Reproduce each of the entries that follow, exactly.

Data extracted from a collection
______________________________
lemma Dia_Conj_dias_pull:
  assumes "\<forall>(m, B)\<in>set S. m < \<alpha>"
  shows "Conj (Dia \<alpha> X) (dias S) \<turnstile> Dia \<alpha> (Conj X (dias S))"
  using assms
proof (induction S arbitrary: X)
  case Nil
  show ?case by (simp add: Conj_entailsI1 RJ.mono RJ.refl RJ.top)
next
  case (Cons x S)
  obtain m B where x: "x = (m, B)" by fastforce
  with Cons.prems have "m < \<alpha>" and S: "\<forall>(m, B)\<in>set S. m < \<alpha>" by auto
  have "Conj (Dia \<alpha> X) (dias (x # S)) \<turnstile> Conj (Conj (Dia \<alpha> X) (Dia m B)) (dias S)"
    using x by (auto intro: conjE1 simp: Conj_dias_entails)
  also have "\<dots> \<turnstile> Conj (Dia \<alpha> (Conj X (Dia m B))) (dias S)"
    by (rule RJ.conjI[OF Conj_entailsI1[OF pull[OF \<open>m < \<alpha>\<close>]] conjE2])
  also have "\<dots> \<turnstile> Dia \<alpha> (Conj (Conj X (Dia m B)) (dias S))"
    using Cons.IH[OF S] .
  also have "\<dots> \<turnstile> Dia \<alpha> (Conj X (dias (x # S)))"
    using x by (intro RJ.mono) (auto intro: Conj_entailsI1 conjE1 conjE2 Conj_dias_entails)
  finally show ?case .
qed

lemma Dia_Conj_dias_equiv:
  assumes "set xs = set P \<union> set S" and "\<forall>(m, B)\<in>set S. m < \<alpha>"
  shows "Dia \<alpha> (Conj F (dias xs)) \<stileturn>\<turnstile> Conj (Dia \<alpha> (Conj F (dias P))) (dias S)"
  unfolding RJ_equiv_def
proof
  have "Dia \<alpha> (Conj F (dias xs)) \<turnstile> Dia m B" if "(m, B) \<in> set S" for m B
  proof -
    have "Dia \<alpha> (Conj F (dias xs)) \<turnstile> Dia \<alpha> (Dia m B)"
      using that assms(1) by (intro RJ.mono Conj_dias_entails) auto
    moreover have "Dia \<alpha> (Dia m B) \<turnstile> Dia m B"
      using that assms(2) by (intro absorb1) force
    ultimately show ?thesis by (rule RJ.cut)
  qed
  moreover have "Dia \<alpha> (Conj F (dias xs)) \<turnstile> Dia \<alpha> (Conj F (dias P))"
    using assms(1) by (intro RJ.mono) (auto intro: conjE1 Conj_dias_entails)
  ultimately show "Dia \<alpha> (Conj F (dias xs)) \<turnstile> Conj (Dia \<alpha> (Conj F (dias P))) (dias S)"
    by auto
next
  have "Conj (Conj F (dias P)) (dias S) \<turnstile> Conj F (dias xs)"
    using assms(1) by (auto intro: Conj_entailsI1 conjE1 Conj_dias_entails)
  then show "Conj (Dia \<alpha> (Conj F (dias P))) (dias S) \<turnstile> Dia \<alpha> (Conj F (dias xs))"
    using Dia_Conj_dias_pull[OF assms(2)] by (meson RJ.cut RJ.mono)
qed

lemma Conj_dias_merge_equiv:
  assumes "set xs = set xs\<^sub>1 \<union> set xs\<^sub>2"
  shows "Conj (Conj F\<^sub>1 (dias xs\<^sub>1)) (Conj F\<^sub>2 (dias xs\<^sub>2)) \<stileturn>\<turnstile> Conj (Conj F\<^sub>1 F\<^sub>2) (dias xs)"
  using assms unfolding RJ_equiv_def
  by (auto intro: Conj_entailsI1 Conj_entailsI2 conjE1 conjE2 Conj_dias_entails)

lemma mods_var_conj: "var_conj F \<Longrightarrow> mods F = {}"
  by (induction rule: var_conj.induct) auto

lemma mods_fact: "is_fact F \<Longrightarrow> mods F = {}"
  unfolding is_fact_def using mods_var_conj by auto

lemma mods_conjs: "mods (conjs As) \<subseteq> \<Union>(mods ` set As)"
  by (induction As rule: conjs.induct) auto

text \<open>Facts are not closed under \<open>Conj\<close>, since \<open>Conj Top (Var p)\<close> is not one; \<open>fact_conj\<close>
  drops a \<open>Top\<close> operand.\<close>

definition fact_conj :: "'a fm \<Rightarrow> 'a fm \<Rightarrow> 'a fm" where
  "fact_conj F\<^sub>1 F\<^sub>2 = (if F\<^sub>1 = Top then F\<^sub>2 else if F\<^sub>2 = Top then F\<^sub>1 else Conj F\<^sub>1 F\<^sub>2)"

lemma is_fact_fact_conj: "is_fact F\<^sub>1 \<Longrightarrow> is_fact F\<^sub>2 \<Longrightarrow> is_fact (fact_conj F\<^sub>1 F\<^sub>2)"
  unfolding fact_conj_def is_fact_def by (auto intro: var_conj.intros)

lemma Conj_equiv_fact_conj: "Conj F\<^sub>1 F\<^sub>2 \<stileturn>\<turnstile> fact_conj F\<^sub>1 F\<^sub>2"
  unfolding fact_conj_def RJ_equiv_def by (auto intro: RJ.refl RJ.top conjE1 conjE2)

definition ordered_components :: "'a fm \<Rightarrow> (enat \<times> 'a fm) list \<Rightarrow> bool" where
  "ordered_components F xs \<longleftrightarrow> is_fact F \<and> (\<forall>(m, B)\<in>set xs. ordered B \<and> B \<in> L_ge m)
     \<and> sorted_wrt (\<ge>) (map fst xs)"

definition ordered_of :: "'a fm \<Rightarrow> (enat \<times> 'a fm) list \<Rightarrow> 'a fm" where
  "ordered_of F xs = (if xs = [] then F else Conj F (dias xs))"

lemma ordered_ordered_of:
  assumes "ordered_components F xs"
  shows "ordered (ordered_of F xs)"
proof (cases "xs = []")
  case True
  then show ?thesis
    using assms by (simp add: ordered_of_def ordered_components_def ordered.fact)
next
  case False
  have "\<forall>i<length xs. ordered (snd (xs ! i)) \<and> snd (xs ! i) \<in> L_ge (fst (xs ! i))"
    using assms nth_mem unfolding ordered_components_def by fastforce
  then show ?thesis
    using assms False unfolding ordered_of_def dias_def ordered_components_def
    by (auto intro: ordered.step)
qed

lemma Conj_dias_equiv_ordered_of: "Conj F (dias xs) \<stileturn>\<turnstile> ordered_of F xs"
  unfolding ordered_of_def RJ_equiv_def by (auto intro: RJ.refl RJ.top conjE1 Conj_dias_entails)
______________________________
Task answer:
lemma Dia_Conj_dias_pull:
  assumes "\<forall>(m, B)\<in>set S. m < \<alpha>"
  shows "Conj (Dia \<alpha> X) (dias S) \<turnstile> Dia \<alpha> (Conj X (dias S))"
  using assms
proof (induction S arbitrary: X)
  case Nil
  show ?case by (simp add: Conj_entailsI1 RJ.mono RJ.refl RJ.top)
next
  case (Cons x S)
  obtain m B where x: "x = (m, B)" by fastforce
  with Cons.prems have "m < \<alpha>" and S: "\<forall>(m, B)\<in>set S. m < \<alpha>" by auto
  have "Conj (Dia \<alpha> X) (dias (x # S)) \<turnstile> Conj (Conj (Dia \<alpha> X) (Dia m B)) (dias S)"
    using x by (auto intro: conjE1 simp: Conj_dias_entails)
  also have "\<dots> \<turnstile> Conj (Dia \<alpha> (Conj X (Dia m B))) (dias S)"
    by (rule RJ.conjI[OF Conj_entailsI1[OF pull[OF \<open>m < \<alpha>\<close>]] conjE2])
  also have "\<dots> \<turnstile> Dia \<alpha> (Conj (Conj X (Dia m B)) (dias S))"
    using Cons.IH[OF S] .
  also have "\<dots> \<turnstile> Dia \<alpha> (Conj X (dias (x # S)))"
    using x by (intro RJ.mono) (auto intro: Conj_entailsI1 conjE1 conjE2 Conj_dias_entails)
  finally show ?case .
qed

lemma Dia_Conj_dias_equiv:
  assumes "set xs = set P \<union> set S" and "\<forall>(m, B)\<in>set S. m < \<alpha>"
  shows "Dia \<alpha> (Conj F (dias xs)) \<stileturn>\<turnstile> Conj (Dia \<alpha> (Conj F (dias P))) (dias S)"
  unfolding RJ_equiv_def
proof
  have "Dia \<alpha> (Conj F (dias xs)) \<turnstile> Dia m B" if "(m, B) \<in> set S" for m B
  proof -
    have "Dia \<alpha> (Conj F (dias xs)) \<turnstile> Dia \<alpha> (Dia m B)"
      using that assms(1) by (intro RJ.mono Conj_dias_entails) auto
    moreover have "Dia \<alpha> (Dia m B) \<turnstile> Dia m B"
      using that assms(2) by (intro absorb1) force
    ultimately show ?thesis by (rule RJ.cut)
  qed
  moreover have "Dia \<alpha> (Conj F (dias xs)) \<turnstile> Dia \<alpha> (Conj F (dias P))"
    using assms(1) by (intro RJ.mono) (auto intro: conjE1 Conj_dias_entails)
  ultimately show "Dia \<alpha> (Conj F (dias xs)) \<turnstile> Conj (Dia \<alpha> (Conj F (dias P))) (dias S)"
    by auto
next
  have "Conj (Conj F (dias P)) (dias S) \<turnstile> Conj F (dias xs)"
    using assms(1) by (auto intro: Conj_entailsI1 conjE1 Conj_dias_entails)
  then show "Conj (Dia \<alpha> (Conj F (dias P))) (dias S) \<turnstile> Dia \<alpha> (Conj F (dias xs))"
    using Dia_Conj_dias_pull[OF assms(2)] by (meson RJ.cut RJ.mono)
qed

lemma Conj_dias_merge_equiv:
  assumes "set xs = set xs\<^sub>1 \<union> set xs\<^sub>2"
  shows "Conj (Conj F\<^sub>1 (dias xs\<^sub>1)) (Conj F\<^sub>2 (dias xs\<^sub>2)) \<stileturn>\<turnstile> Conj (Conj F\<^sub>1 F\<^sub>2) (dias xs)"
  using assms unfolding RJ_equiv_def
  by (auto intro: Conj_entailsI1 Conj_entailsI2 conjE1 conjE2 Conj_dias_entails)

lemma mods_var_conj: "var_conj F \<Longrightarrow> mods F = {}"
  by (induction rule: var_conj.induct) auto

lemma mods_fact: "is_fact F \<Longrightarrow> mods F = {}"
  unfolding is_fact_def using mods_var_conj by auto

lemma mods_conjs: "mods (conjs As) \<subseteq> \<Union>(mods ` set As)"
  by (induction As rule: conjs.induct) auto

text \<open>Facts are not closed under \<open>Conj\<close>, since \<open>Conj Top (Var p)\<close> is not one; \<open>fact_conj\<close>
  drops a \<open>Top\<close> operand.\<close>

definition fact_conj :: "'a fm \<Rightarrow> 'a fm \<Rightarrow> 'a fm" where
  "fact_conj F\<^sub>1 F\<^sub>2 = (if F\<^sub>1 = Top then F\<^sub>2 else if F\<^sub>2 = Top then F\<^sub>1 else Conj F\<^sub>1 F\<^sub>2)"

lemma is_fact_fact_conj: "is_fact F\<^sub>1 \<Longrightarrow> is_fact F\<^sub>2 \<Longrightarrow> is_fact (fact_conj F\<^sub>1 F\<^sub>2)"
  unfolding fact_conj_def is_fact_def by (auto intro: var_conj.intros)

lemma Conj_equiv_fact_conj: "Conj F\<^sub>1 F\<^sub>2 \<stileturn>\<turnstile> fact_conj F\<^sub>1 F\<^sub>2"
  unfolding fact_conj_def RJ_equiv_def by (auto intro: RJ.refl RJ.top conjE1 conjE2)

definition ordered_components :: "'a fm \<Rightarrow> (enat \<times> 'a fm) list \<Rightarrow> bool" where
  "ordered_components F xs \<longleftrightarrow> is_fact F \<and> (\<forall>(m, B)\<in>set xs. ordered B \<and> B \<in> L_ge m)
     \<and> sorted_wrt (\<ge>) (map fst xs)"

definition ordered_of :: "'a fm \<Rightarrow> (enat \<times> 'a fm) list \<Rightarrow> 'a fm" where
  "ordered_of F xs = (if xs = [] then F else Conj F (dias xs))"

lemma ordered_ordered_of:
  assumes "ordered_components F xs"
  shows "ordered (ordered_of F xs)"
proof (cases "xs = []")
  case True
  then show ?thesis
    using assms by (simp add: ordered_of_def ordered_components_def ordered.fact)
next
  case False
  have "\<forall>i<length xs. ordered (snd (xs ! i)) \<and> snd (xs ! i) \<in> L_ge (fst (xs ! i))"
    using assms nth_mem unfolding ordered_components_def by fastforce
  then show ?thesis
    using assms False unfolding ordered_of_def dias_def ordered_components_def
    by (auto intro: ordered.step)
qed

lemma Conj_dias_equiv_ordered_of: "Conj F (dias xs) \<stileturn>\<turnstile> ordered_of F xs"
  unfolding ordered_of_def RJ_equiv_def by (auto intro: RJ.refl RJ.top conjE1 Conj_dias_entails)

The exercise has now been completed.